Ана Пауча не осмеливается приблизиться к стойке, окруженной приличными людьми, хорошо одетыми и с виду совсем не страшными, которые пьют, разговаривают и курят. Она ждет, когда к ней подойдет официант, чтобы показать ему зажатые в руке монеты и смиренно попросить горячего кофе. Но к ней черно-белой напомаженной стрелой устремляется метрдотель.
— Уходите! Уходите! Здесь запрещено просить милостыню!
Ана Пауча показывает ему свои монетки и почтительно спрашивает, хватит ли их на чашку горячего кофе.
— Подумайте, какая наглость! — кричит метрдотель. — Вон отсюда! Вон!
И чтобы не дай бог не коснуться этой кучки лохмотьев, он подталкивает одного из официантов, который в свою очередь подталкивает к двери Ану Паучу. Мираж тепла и разноцветья исчезает за ее спиной.
И снова под аркадами, стегаемая со всех сторон резким ветром, который одним махом выметает теплые вкусные запахи, на мгновенье проникшие в чуткие ноздри Аны Паучи, она чувствует себя несчастной, как никогда, настоящей замерзшей маленькой бродягой. Она теряет равновесие, поскальзывается, падает. С трудом поднимается. Нет, не плакать! Не плакать! Что скажут твои безликие смерти, старый гниющий скелет, если они услышат твои рыдания? Когда ей наконец удается собрать свои пожитки, официант, который вытолкнул ее на улицу, выходит через заднюю дверь и протягивает ей стакан горячего кофе. Она хочет заплатить ему, но он говорит: нет, пейте, пейте! Она настолько взволнованна, что забывает поблагодарить его. Эта забывчивость будет мучить ее весь день, до той самой минуты, когда смерть принесет ей вечное забвение.

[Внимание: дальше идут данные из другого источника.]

(* Let $\mathbb{F}_q$ be the finite field with $q$ elements and characteristic $p$. Let $m$ be a positive integer dividing $q-1$ and let $H \subseteq \mathbb{F}_q^*$ be the multiplicative subgroup of index $m$ (so $|H|=(q-1)/m$). Let $k$ be an integer with $1\le k\le (q-1)/m$. For $b\in\mathbb{F}_q$ let $M_H(k,b)$ be the number of $k$-element subsets $S\subseteq H$ with $\sum_{a\in S}a=b$. Then for every $b\in\mathbb{F}_q^*$, $$\left|M_H(k,b)-\frac{1}{q}\binom{(q-1)/m}{k}\right|\le \frac{2}{\sqrt q}\binom{\sqrt q+k+\frac{q}{mp}}{k},$$ and for $b=0$, $$\left|M_H(k,0)-\frac{1}{q}\binom{(q-1)/m}{k}\right|\le \binom{\sqrt q+k+\frac{q}{mp}}{k}.$$
   Context: For a real number $t$ and a nonnegative integer $k$, $\binom{t}{k}=\frac{t(t-1)\cdots(t-k+1)}{k!}$. *)

theory Defs
  imports Complex_Main
begin

definition subset_sum_count :: "'a::comm_monoid_add set \<Rightarrow> nat \<Rightarrow> 'a \<Rightarrow> nat" where
  "subset_sum_count H k b = card {S. S \<subseteq> H \<and> card S = k \<and> (\<Sum>a\<in>S. a) = b}"

definition mult_subgroup :: "'a::field set \<Rightarrow> bool" where
  "mult_subgroup H \<longleftrightarrow> H \<subseteq> - {0} \<and> 1 \<in> H \<and> (\<forall>x\<in>H. \<forall>y\<in>H. x * y \<in> H)
      \<and> (\<forall>x\<in>H. inverse x \<in> H)"

end

theory Submission
  imports Defs "HOL-Computational_Algebra.Formal_Power_Series" "HOL-Number_Theory.Cong"
    "HOL-Analysis.Complex_Transcendental" "HOL-Analysis.L2_Norm"
begin

text \<open>Let \<open>n = card H\<close>, \<open>p\<close> the characteristic, and \<open>\<psi>\<close> a nontrivial additive character
  (one exists: take a maximal proper additive subgroup). By orthogonality,
  \<open>q M(k, b) = (\<Sum>c. \<psi> (- c b) e\<^sub>k(c))\<close>, where \<open>e\<^sub>k(c)\<close> is the \<open>k\<close>-th elementary symmetric
  function of the values \<open>\<psi> (c a)\<close>, \<open>a \<in> H\<close>. Newton's identities express \<open>e\<^sub>k(c)\<close> through the
  power sums, which are the Gauss periods \<open>S (j c)\<close>. For \<open>p dvd j\<close> these equal \<open>n\<close> whatever
  \<open>c\<close> is, and that part of the recursion produces a main term \<open>K\<^sub>k\<close> independent of \<open>c\<close>. For
  \<open>p\<close> not dividing \<open>j\<close> and \<open>c \<noteq> 0\<close> the periods obey \<open>|S (j c)| \<le> sqrt q\<close> and
  \<open>\<Sum>c |S (j c)|\<^sup>2 \<le> q n\<close>. Hence \<open>G\<^sub>k = |K\<^sub>k| + \<parallel>e\<^sub>k - K\<^sub>k\<parallel>\<^sub>2 / sqrt n\<close>, with the \<open>L\<^sup>2\<close> norm
  over \<open>c \<noteq> 0\<close>, satisfies \<open>k G\<^sub>k \<le> \<Sum>j w\<^sub>j G\<^sub>k\<^sub>-\<^sub>j\<close> with \<open>w\<^sub>j = n\<close> for \<open>p dvd j\<close> and
  \<open>w\<^sub>j = sqrt q\<close> otherwise, a recursion dominated by \<open>(sqrt q + q / (m p) + k) gchoose k\<close>. For
  \<open>b \<noteq> 0\<close>, averaging over \<open>H\<close> turns the twist \<open>\<psi> (- c b)\<close> into a Gauss period, which gains
  a factor \<open>sqrt q\<close>.\<close>

definition elementary_symmetric :: "('b \<Rightarrow> 'c::comm_ring_1) \<Rightarrow> 'b set \<Rightarrow> nat \<Rightarrow> 'c" where
  "elementary_symmetric z A k = (\<Sum>B | B \<subseteq> A \<and> card B = k. \<Prod>a\<in>B. z a)"

lemma fps_const_prod: "fps_const (\<Prod>x\<in>X. f x) = (\<Prod>x\<in>X. fps_const (f x))"
  by (induction X rule: infinite_finite_induct) (auto simp: fps_const_mult[symmetric])

lemma fps_nth_prod_linear:
  assumes "finite A"
  shows "fps_nth (\<Prod>a\<in>A. 1 + fps_const (z a) * fps_X) k = elementary_symmetric z A k"
proof -
  have "(\<Prod>a\<in>A. 1 + fps_const (z a) * fps_X) = (\<Prod>a\<in>A. fps_const (z a) * fps_X + 1)"
    by (simp add: add.commute)
  also have "\<dots> = (\<Sum>B\<in>Pow A. (\<Prod>a\<in>B. fps_const (z a) * fps_X) * (\<Prod>a\<in>A-B. 1))"
    by (rule prod_add[OF assms])
  also have "\<dots> = (\<Sum>B\<in>Pow A. fps_const (\<Prod>a\<in>B. z a) * fps_X ^ card B)"
    by (intro sum.cong refl) (simp add: prod.distrib fps_const_prod)
  finally have "fps_nth (\<Prod>a\<in>A. 1 + fps_const (z a) * fps_X) k =
      (\<Sum>B\<in>Pow A. if card B = k then (\<Prod>a\<in>B. z a) else 0)"
    by (simp add: fps_sum_nth fps_X_power_nth eq_commute if_distrib cong: if_cong)
  also have "\<dots> = (\<Sum>B\<in>{B\<in>Pow A. card B = k}. \<Prod>a\<in>B. z a)"
    by (simp add: sum.inter_filter[symmetric] assms)
  also have "{B\<in>Pow A. card B = k} = {B. B \<subseteq> A \<and> card B = k}" by auto
  finally show ?thesis by (simp add: elementary_symmetric_def)
qed

definition fps_alternating_geometric :: "'a::comm_ring_1 \<Rightarrow> 'a fps" where
  "fps_alternating_geometric w = Abs_fps (\<lambda>j. if j = 0 then 0 else (-1) ^ (j - 1) * w ^ j)"

lemma fps_alternating_geometric_eq:
  "(1 + fps_const w * fps_X) * fps_alternating_geometric w = fps_const w * fps_X"
proof (rule fps_ext)
  fix n
  show "fps_nth ((1 + fps_const w * fps_X) * fps_alternating_geometric w) n = fps_nth (fps_const w * fps_X) n"
  proof (cases n)
    case (Suc m)
    have "fps_nth ((1 + fps_const w * fps_X) * fps_alternating_geometric w) n
        = fps_nth (fps_alternating_geometric w) n + w * fps_nth (fps_alternating_geometric w) m"
      by (simp add: distrib_right Suc mult.assoc)
    then show ?thesis by (cases m) (auto simp: fps_alternating_geometric_def Suc)
  qed (simp add: fps_alternating_geometric_def)
qed

lemma fps_X_deriv_prod_linear:
  assumes "finite A"
  shows "fps_X * fps_deriv (\<Prod>a\<in>A. 1 + fps_const (z a) * fps_X)
     = (\<Prod>a\<in>A. 1 + fps_const (z a) * fps_X) * (\<Sum>a\<in>A. fps_alternating_geometric (z a))"
  using assms
proof (induction A rule: finite_induct)
  case (insert x F)
  define P where "P = (\<Prod>a\<in>F. 1 + fps_const (z a) * fps_X)"
  define G where "G = (\<Sum>a\<in>F. fps_alternating_geometric (z a))"
  have IH: "fps_X * fps_deriv P = P * G" using insert P_def G_def by simp
  have "fps_X * fps_deriv ((1 + fps_const (z x) * fps_X) * P)
      = fps_const (z x) * fps_X * P + (1 + fps_const (z x) * fps_X) * (fps_X * fps_deriv P)"
    by (simp add: algebra_simps)
  also have "\<dots> = (1 + fps_const (z x) * fps_X) * fps_alternating_geometric (z x) * P
      + (1 + fps_const (z x) * fps_X) * (P * G)"
    by (simp add: fps_alternating_geometric_eq IH)
  also have "\<dots> = ((1 + fps_const (z x) * fps_X) * P) * (fps_alternating_geometric (z x) + G)"
    by (simp add: algebra_simps)
  finally show ?case using insert by (simp add: P_def G_def)
qed simp

theorem newton_identity:
  assumes "finite A"
  shows "of_nat k * elementary_symmetric z A k
       = (\<Sum>j=1..k. (-1) ^ (j - 1) * (\<Sum>a\<in>A. z a ^ j) * elementary_symmetric z A (k - j))"
proof -
  let ?F = "\<Prod>a\<in>A. 1 + fps_const (z a) * fps_X"
  let ?g = "\<lambda>j. \<Sum>a\<in>A. fps_nth (fps_alternating_geometric (z a)) j"
  have "of_nat k * elementary_symmetric z A k = fps_nth (fps_X * fps_deriv ?F) k"
    by (cases k) (simp_all add: fps_nth_prod_linear[OF assms])
  also have "\<dots> = fps_nth (?F * (\<Sum>a\<in>A. fps_alternating_geometric (z a))) k"
    by (simp add: fps_X_deriv_prod_linear[OF assms])
  also have "\<dots> = (\<Sum>i=0..k. elementary_symmetric z A i * ?g (k - i))"
    by (simp add: fps_mult_nth fps_nth_prod_linear[OF assms] fps_sum_nth)
  also have "\<dots> = (\<Sum>j=0..k. elementary_symmetric z A (k - j) * ?g j)"
    by (rule sum.reindex_bij_witness[where i="\<lambda>i. k - i" and j="\<lambda>i. k - i"]) auto
  also have "\<dots> = (\<Sum>j=1..k. elementary_symmetric z A (k - j) * ?g j)"
    by (rule sum.mono_neutral_right) (auto simp: fps_alternating_geometric_def)
  also have "\<dots> = (\<Sum>j=1..k. (-1) ^ (j - 1) * (\<Sum>a\<in>A. z a ^ j) * elementary_symmetric z A (k - j))"
    by (intro sum.cong refl)
      (auto simp: fps_alternating_geometric_def sum_distrib_left sum_distrib_right mult_ac)
  finally show ?thesis .
qed

definition add_subgroup :: "'a::ab_group_add set \<Rightarrow> bool" where
  "add_subgroup K \<longleftrightarrow> 0 \<in> K \<and> (\<forall>x\<in>K. \<forall>y\<in>K. x + y \<in> K) \<and> (\<forall>x\<in>K. - x \<in> K)"

lemma add_subgroup_of_nat_mult:
  assumes "add_subgroup K" "x \<in> K"
  shows "of_nat j * (x::'a::ring_1) \<in> K"
  using assms by (induction j) (auto simp: add_subgroup_def distrib_right)

lemma add_subgroup_of_int_mult:
  assumes "add_subgroup K" "x \<in> K"
  shows "of_int j * (x::'a::ring_1) \<in> K"
proof (cases "j \<ge> 0")
  case True
  then show ?thesis using add_subgroup_of_nat_mult[OF assms, of "nat j"] by simp
next
  case False
  define n where "n = nat (- j)"
  have "j = - int n" using False by (simp add: n_def)
  moreover have "- (of_nat n * x) \<in> K"
    using add_subgroup_of_nat_mult[OF assms] assms(1) by (simp add: add_subgroup_def)
  ultimately show ?thesis by simp
qed

lemma exists_maximal_proper_add_subgroup:
  fixes x :: "'a::{ab_group_add,finite}"
  assumes "x \<noteq> 0"
  obtains K :: "'a set" where "add_subgroup K" "K \<noteq> UNIV"
    "\<And>L. add_subgroup L \<Longrightarrow> K \<subset> L \<Longrightarrow> L = UNIV"
proof -
  define Fam where "Fam = {K::'a set. add_subgroup K \<and> K \<noteq> UNIV}"
  have "{0} \<in> Fam" using assms by (auto simp: Fam_def add_subgroup_def)
  moreover have "finite Fam" by simp
  ultimately have "Max (card ` Fam) \<in> card ` Fam" by (intro Max_in) auto
  then obtain K where K: "K \<in> Fam" "card K = Max (card ` Fam)" by auto
  show ?thesis
  proof (rule that[of K])
    show "add_subgroup K" "K \<noteq> UNIV" using K by (auto simp: Fam_def)
    fix L assume L: "add_subgroup L" "K \<subset> L"
    show "L = UNIV"
    proof (rule ccontr)
      assume "L \<noteq> UNIV"
      then have "card L \<le> card K" using L K by (simp add: Fam_def)
      moreover have "card K < card L" using L by (intro psubset_card_mono) auto
      ultimately show False by simp
    qed
  qed
qed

Она наугад бредет по блеклому лабиринту городу, неотступно преследуемого снегопадом, превратившем его в какое-то невесомое белое облако. До чего же она живая, красивая, эта вселенная из пушистой шерсти, по ней можно пройти из конца в конец, можно погружаться, углубляться, временами теряясь, где вход, а где выход! Ничего общего навсегда запечатлевшимися в ее памяти снежными пейзажами из школьных учебников малыша, где норвежские фьорды походили на молочно-белые пальцы трупов, вечно ласкающие голубоватый скалистый берег. Хлопья снега все падали, и казалось, будто все ангелы на небе стали жертвой какой-то небесной эпидемии и теряют свой пух. Снег колышется, дрожит, убегает, приближается, притворяется, что он не падает, что у него крылья, что он в полете. Он делает вид, будто также невесом, как вата. Он олицетворяет собой пушистую, эфемерную жизнь. Впрочем, эта жизнь всюду бросается в глаза старой воительницы в трауре, рожденной под мрачным знаком смерти. Горячий кофе, который придал бодрости ее ногам, мышцам, заставил двигаться ее искривленные суставы, — это жизнь. Не истраченные ею деньги, на который она сможет купить добрый кусок айвового пирога для своего сына Хесуса Паучи, малыша, — тоже жизнь. Официант из кафе, принесший ей стакан дымящего кофе, — ангел жизни, если его сравнить с ужасным метрдотелем, ангелом смерти, вышвырнувшим ее на мороз. И это желание узнать других людей, войти в контакт с ними, заставлять их подробно объяснять ей план города, показывать, где находится его северная часть, чтобы как можно скорее добраться до тюрьмы своего сына. Все это знаки жизни, думает Ана-нет. Уж не меняется ли ее судьба?
Нагруженная, как мул, промокшая, вконец заплутавшаяся, она направляется к паперти церкви, портал которой манит ее как случайный приют, а верующие — как возможный источник сведений. Она идет туда не просить милостыню. Милостыню просят для того, чтобы жить, а не для того, чтобы умереть.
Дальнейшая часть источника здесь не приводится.